- [Your assignment] Check each line of the records below and collect those holding "cases".

Data for this task: Begin

lemma ex_expansion_in_degree_basis:
  fixes B :: "nat \<Rightarrow> 'a::field poly"
  assumes deg_B: "\<And>k. degree (B k) = k" and nonzero_B: "\<And>k. B k \<noteq> 0"
  shows "degree p \<le> n \<Longrightarrow> \<exists>c. p = (\<Sum>k\<le>n. smult (c k) (B k))"
proof (induction n arbitrary: p)
  case 0
  have B0: "coeff (B 0) 0 \<noteq> 0" using nonzero_B[of 0] deg_B[of 0] by (metis leading_coeff_0_iff)
  have deg0: "degree p = 0" "degree (B 0) = 0" using 0 deg_B[of 0] by auto
  have "p = smult (coeff p 0 / coeff (B 0) 0) (B 0)"
  proof (intro poly_eqI)
    fix i
    show "coeff p i = coeff (smult (coeff p 0 / coeff (B 0) 0) (B 0)) i"
      using B0 deg0 by (cases i) (auto simp: coeff_eq_0)
  qed
  then show ?case by (intro exI[of _ "\<lambda>_. coeff p 0 / coeff (B 0) 0"]) simp
next
  case (Suc n)
  define a where "a = coeff p (Suc n) / lead_coeff (B (Suc n))"
  define p' where "p' = p - smult a (B (Suc n))"
  have lc: "lead_coeff (B (Suc n)) \<noteq> 0" using nonzero_B by simp
  have "degree p' \<le> n"
  proof (rule degree_le, intro allI impI)
    fix i assume "n < i"
    then consider "i = Suc n" | "i > Suc n" by linarith
    then show "coeff p' i = 0"
    proof cases
      case 1 then show ?thesis using lc deg_B[of "Suc n"] by (simp add: p'_def a_def)
    next
      case 2 then show ?thesis using Suc.prems deg_B[of "Suc n"] by (simp add: p'_def coeff_eq_0)
    qed
  qed
  then obtain c where c: "p' = (\<Sum>k\<le>n. smult (c k) (B k))" using Suc.IH by blast
  have "p = p' + smult a (B (Suc n))" by (simp add: p'_def)
  also have "\<dots> = (\<Sum>k\<le>Suc n. smult ((c(Suc n := a)) k) (B k))"
    unfolding c sum.atMost_Suc by simp
  finally show ?case by blast
qed

lemma expansion_in_degree_basis_unique:
  fixes B :: "nat \<Rightarrow> 'a::field poly"
  assumes deg_B: "\<And>k. degree (B k) = k" and nonzero_B: "\<And>k. B k \<noteq> 0"
  shows "(\<Sum>k\<le>n. smult (c k) (B k)) = 0 \<Longrightarrow> k \<le> n \<Longrightarrow> c k = 0"
proof (induction n arbitrary: k)
  case 0
  then show ?case using nonzero_B by auto
next
  case (Suc n)
  have "coeff (\<Sum>k\<le>n. smult (c k) (B k)) (Suc n) = 0"
    unfolding coeff_sum using deg_B by (auto intro!: sum.neutral simp: coeff_eq_0)
  then have "c (Suc n) * lead_coeff (B (Suc n)) = 0"
    using arg_cong[OF Suc.prems(1), of "\<lambda>p. coeff p (Suc n)"] by (simp add: deg_B)
  then have "c (Suc n) = 0" using nonzero_B by simp
  moreover from this have "(\<Sum>k\<le>n. smult (c k) (B k)) = 0" using Suc.prems(1) by simp
  ultimately show ?case using Suc.IH[of k] Suc.prems(2) by (cases "k = Suc n") auto
qed

lemma jacobi_orthogonal_expansion:
  assumes "\<alpha> > -1" "\<beta> > -1" "degree p \<le> n"
  shows "p = (\<Sum>k\<le>n. smult (jacobi_integral \<alpha> \<beta> (jacobi_poly k \<alpha> \<beta> * p) / jacobi_gamma k \<alpha> \<beta>)
                        (jacobi_poly k \<alpha> \<beta>))"
proof -
  obtain c where c: "p = (\<Sum>k\<le>n. smult (c k) (jacobi_poly k \<alpha> \<beta>))"
    using ex_expansion_in_degree_basis[OF degree_jacobi_poly[OF assms(1,2)] jacobi_poly_nonzero[OF assms(1,2)]
        assms(3)] by blast
  have "jacobi_integral \<alpha> \<beta> (jacobi_poly m \<alpha> \<beta> * p) / jacobi_gamma m \<alpha> \<beta> = c m" if "m \<le> n" for m
  proof -
    have "jacobi_integral \<alpha> \<beta> (jacobi_poly m \<alpha> \<beta> * p)
            = (\<Sum>k\<le>n. c k * jacobi_integral \<alpha> \<beta> (jacobi_poly m \<alpha> \<beta> * jacobi_poly k \<alpha> \<beta>))"
      unfolding c sum_distrib_left mult_smult_right jacobi_integral_sum[OF assms(1,2) finite_atMost]
        jacobi_integral_smult ..
    also have "\<dots> = (\<Sum>k\<le>n. if k = m then c m * jacobi_gamma m \<alpha> \<beta> else 0)"
      by (rule sum.cong) (auto simp: jacobi_integral_jacobi_poly_mult[OF assms(1,2)])
    also have "\<dots> = c m * jacobi_gamma m \<alpha> \<beta>" using that by simp
    finally show ?thesis using jacobi_gamma_pos[OF assms(1,2), of m] by simp
  qed
  then show ?thesis by (subst (1) c) (auto intro!: sum.cong)
qed
lemma indicator_quadratic_form_ge:
  fixes A :: "'p \<Rightarrow> 'p \<Rightarrow> real" and c e r :: real
  assumes "finite P" and sym: "\<And>x y. x \<in> P \<Longrightarrow> y \<in> P \<Longrightarrow> A x y = A y x"
    and fourth: "\<And>x z. x \<in> P \<Longrightarrow> z \<in> P \<Longrightarrow>
      mat_mul P (mat_mul P A A) (mat_mul P A A) x z = c\<^sup>2 * mat_mul P A A x z + e"
    and "c > 0" and rows: "\<And>x. x \<in> P \<Longrightarrow> (\<Sum>y\<in>P. A x y) = r"
    and "S \<subseteq> P" and "P \<noteq> {}"
  shows "(\<Sum>x\<in>S. \<Sum>y\<in>S. A x y) - r * (real (card S))\<^sup>2 / card P
    \<ge> - c * (card S - (real (card S))\<^sup>2 / card P)"
proof -
  define n where "n = real (card P)"
  define s where "s = real (card S)"
  define v where "v x = of_bool (x \<in> S) - s / n" for x
  have zero_sum: "(\<Sum>x\<in>P. v x) = 0" and norm: "(\<Sum>x\<in>P. (v x)\<^sup>2) = s - s\<^sup>2 / n"
    using sum_centred_indicator[OF \<open>finite P\<close> \<open>S \<subseteq> P\<close> \<open>P \<noteq> {}\<close>] by (simp_all add: v_def s_def n_def)
  have restrict: "(\<Sum>x\<in>P. f x * of_bool (x \<in> S)) = (\<Sum>x\<in>S. f x)" for f :: "'p \<Rightarrow> real"
    using \<open>finite P\<close> \<open>S \<subseteq> P\<close> by (simp add: Int_absorb1)
  have Av: "mat_vec P A v x = (\<Sum>y\<in>S. A x y) - s / n * r" if "x \<in> P" for x
  proof -
    have "mat_vec P A v x = (\<Sum>y\<in>P. A x y * of_bool (y \<in> S)) - s / n * (\<Sum>y\<in>P. A x y)"
      by (simp add: mat_vec_def v_def right_diff_distrib sum_subtractf sum_distrib_left mult_ac)
    then show ?thesis
      by (simp only: restrict rows[OF that])
  qed
  have "(\<Sum>x\<in>P. v x * mat_vec P A v x) = (\<Sum>x\<in>P. v x * (\<Sum>y\<in>S. A x y) - s / n * r * v x)"
    by (rule sum.cong[OF refl]) (simp add: Av right_diff_distrib mult_ac)
  also have "\<dots> = (\<Sum>x\<in>P. v x * (\<Sum>y\<in>S. A x y))"
    using zero_sum by (simp add: sum_subtractf flip: sum_distrib_left sum_divide_distrib)
  also have "\<dots> = (\<Sum>x\<in>S. \<Sum>y\<in>S. A x y) - s / n * (\<Sum>y\<in>S. \<Sum>x\<in>P. A x y)"
    by (simp add: v_def restrict algebra_simps sum_subtractf sum_distrib_left sum.swap[of _ P S])
  also have "(\<Sum>y\<in>S. \<Sum>x\<in>P. A x y) = r * s"
    using rows sym \<open>S \<subseteq> P\<close> by (simp add: s_def subset_iff cong: sum.cong)
  finally have "(\<Sum>x\<in>P. v x * mat_vec P A v x) = (\<Sum>x\<in>S. \<Sum>y\<in>S. A x y) - r * s\<^sup>2 / n"
    by (simp add: power2_eq_square)
  with quadratic_form_ge_on_zero_sum[OF sym fourth \<open>c > 0\<close> zero_sum] show ?thesis
    unfolding norm s_def n_def by simp
qed

section \<open>Polarity graphs of \<open>W(q)\<close>\<close>

locale W_polarity =
  fixes \<sigma> :: "('a::{field,finite} ^ 4) set \<Rightarrow> ('a ^ 4) set"
  assumes polarity: "is_polarity \<sigma>"
begin

lemma bij_points_lines: "bij_betw \<sigma> W_points W_lines"
  and involution: "x \<in> W_points \<union> W_lines \<Longrightarrow> \<sigma> (\<sigma> x) = x"
  and incidence_iff: "p \<in> W_points \<Longrightarrow> l \<in> W_lines \<Longrightarrow> p \<subseteq> l \<longleftrightarrow> \<sigma> l \<subseteq> \<sigma> p"
  using polarity unfolding is_polarity_def by auto

lemma sigma_point: "x \<in> W_points \<Longrightarrow> \<sigma> x \<in> W_lines"
  using bij_points_lines by (auto dest: bij_betwE)

lemma sigma_line: "l \<in> W_lines \<Longrightarrow> \<sigma> l \<in> W_points"
  using polarity unfolding is_polarity_def by (auto dest: bij_betwE)

lemma incident_sigma_sym:
  assumes "x \<in> W_points" "y \<in> W_points"
  shows "x \<subseteq> \<sigma> y \<longleftrightarrow> y \<subseteq> \<sigma> x"
  using incidence_iff[OF assms(1) sigma_point[OF assms(2)]] involution assms(2) by simp

lemma card_common_neighbours:
  assumes x: "x \<in> W_points" and z: "z \<in> W_points"
  shows "card {y \<in> W_points. x \<subseteq> \<sigma> y \<and> z \<subseteq> \<sigma> y} = CARD('a) * of_bool (x = z) + of_bool (perp x z)"
proof -
  have "bij_betw \<sigma> {y \<in> W_points. x \<subseteq> \<sigma> y \<and> z \<subseteq> \<sigma> y} {l \<in> W_lines. x \<subseteq> l \<and> z \<subseteq> l}"
    using bij_points_lines by (rule bij_betw_Collect) simp
  then show ?thesis
    using card_W_lines_through_two[OF x z] by (simp add: bij_betw_same_card)
qed

lemma pole_of_line_through_absolute:
  assumes x: "x \<in> W_points" "x \<subseteq> \<sigma> x" and l: "l \<in> W_lines" "x \<subseteq> l" "\<sigma> l \<subseteq> l"
  shows "\<sigma> l = x"
proof (rule ccontr)
  assume ne: "\<sigma> l \<noteq> x"
  have "\<sigma> l \<subseteq> \<sigma> x"
    using incidence_iff[OF x(1) l(1)] l(2) by simp
  then have "l = \<sigma> x"
    using W_line_unique[OF sigma_line[OF l(1)] x(1) ne l(1) l(3) l(2) sigma_point[OF x(1)]] x(2) by blast
  then show False
    using ne involution x(1) by simp
qed

lemma absolute_points_not_collinear:
  assumes x: "x \<in> W_points" "x \<subseteq> \<sigma> x" and y: "y \<in> W_points" "y \<subseteq> \<sigma> y" and "x \<noteq> y"
    and l: "l \<in> W_lines" "x \<subseteq> l" "y \<subseteq> l"
  shows False
proof -
  have "\<sigma> l \<subseteq> \<sigma> x" "\<sigma> l \<subseteq> \<sigma> y"
    using incidence_iff l x(1) y(1) by auto
  then have "perp x (\<sigma> l)" "perp y (\<sigma> l)"
    using perp_if_on_W_line[OF sigma_point[OF x(1)] x(2)] perp_if_on_W_line[OF sigma_point[OF y(1)] y(2)]
    by blast+
  then have "\<sigma> l \<subseteq> l"
    using points_on_W_line_eq_common_perp[OF x(1) y(1) \<open>x \<noteq> y\<close> l] sigma_line[OF l(1)] by blast
  then have "\<sigma> l = x" "\<sigma> l = y"
    using pole_of_line_through_absolute[OF x l(1,2)] pole_of_line_through_absolute[OF y l(1,3)] by blast+
  then show False
    using \<open>x \<noteq> y\<close> by simp
qed

text \<open>Distinct absolute points have disjoint pencils of \<open>q + 1\<close> lines, and there are only
  \<open>(q\<^sup>2 + 1)(q + 1)\<close> lines.\<close>

lemma card_absolute_points_le: "card {x \<in> W_points. x \<subseteq> \<sigma> x} \<le> CARD('a) ^ 2 + 1"
proof -
  let ?q = "CARD('a)"
  define Abs where "Abs = {x \<in> W_points. x \<subseteq> \<sigma> x}"
  define pencil where "pencil x = {l \<in> W_lines. x \<subseteq> l}" for x :: "('a ^ 4) set"
  have disjoint: "pencil x \<inter> pencil y = {}" if "x \<in> Abs" "y \<in> Abs" "x \<noteq> y" for x y
    using absolute_points_not_collinear that unfolding Abs_def pencil_def by blast
  have "card Abs * (?q + 1) = (\<Sum>x\<in>Abs. card (pencil x))"
    by (simp add: Abs_def pencil_def card_W_lines_through)
  also have "\<dots> = card (\<Union>x\<in>Abs. pencil x)"
    by (rule card_UN_disjoint[symmetric]) (use disjoint in auto)
  also have "\<dots> \<le> card (W_lines :: ('a ^ 4) set set)"
    by (rule card_mono) (auto simp: pencil_def)
  also have "\<dots> = card (W_points :: ('a ^ 4) set set)"
    using bij_points_lines by (simp add: bij_betw_same_card)
  also have "\<dots> = (?q ^ 2 + 1) * (?q + 1)"
    by (simp add: card_W_points algebra_simps power2_eq_square power3_eq_cube)
  finally have "card Abs * (?q + 1) \<le> (?q ^ 2 + 1) * (?q + 1)" .
  then show ?thesis
    unfolding Abs_def mult_le_cancel2 by simp
qed

definition adj :: "('a ^ 4) set \<Rightarrow> ('a ^ 4) set \<Rightarrow> real" where
  "adj x y = of_bool (x \<subseteq> \<sigma> y)"

lemma adj_symmetric: "x \<in> W_points \<Longrightarrow> y \<in> W_points \<Longrightarrow> adj x y = adj y x"
  unfolding adj_def using incident_sigma_sym by simp

lemma adj_square:
  assumes x: "x \<in> W_points" and z: "z \<in> W_points"
  shows "mat_mul W_points adj adj x z = real CARD('a) * of_bool (x = z) + of_bool (perp x z)"
proof -
  have "mat_mul W_points adj adj x z = (\<Sum>w\<in>W_points. of_bool (x \<subseteq> \<sigma> w \<and> z \<subseteq> \<sigma> w))"
    unfolding mat_mul_def by (rule sum.cong) (auto simp: adj_def incident_sigma_sym[OF _ z])
  also have "\<dots> = real (card {w \<in> W_points. x \<subseteq> \<sigma> w \<and> z \<subseteq> \<sigma> w})"
    by (simp add: Int_def conj_commute)
  finally show ?thesis
    by (simp add: card_common_neighbours[OF x z])
qed

lemma adj_row_sum: "x \<in> W_points \<Longrightarrow> (\<Sum>y\<in>W_points. adj x y) = real CARD('a) + 1"
  using card_common_neighbours[of x x] perp_refl[of x] by (simp add: adj_def Int_def)

lemma adj_fourth_power:
  assumes x: "x \<in> W_points" and z: "z \<in> W_points"
  shows "mat_mul W_points (mat_mul W_points adj adj) (mat_mul W_points adj adj) x z
    = 2 * real CARD('a) * mat_mul W_points adj adj x z + (real CARD('a) + 1)"
proof -
  have "mat_mul W_points (mat_mul W_points adj adj) (mat_mul W_points adj adj) x z
    = (\<Sum>y\<in>W_points. (real CARD('a) * of_bool (x = y) + of_bool (perp x y))
        * (real CARD('a) * of_bool (y = z) + of_bool (perp y z)))"
    unfolding mat_mul_def[of _ "mat_mul W_points adj adj"]
    by (rule sum.cong) (simp_all add: adj_square x z)
  then show ?thesis
    using perp_matrix_square[OF x z] by (simp add: adj_square x z)
qed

Data for this task: End

- [Solution to the exercise]
      using B0 deg0 by (cases i) (auto simp: coeff_eq_0)
    proof cases
  ultimately show ?case using Suc.IH[of k] Suc.prems(2) by (cases "k = Suc n") auto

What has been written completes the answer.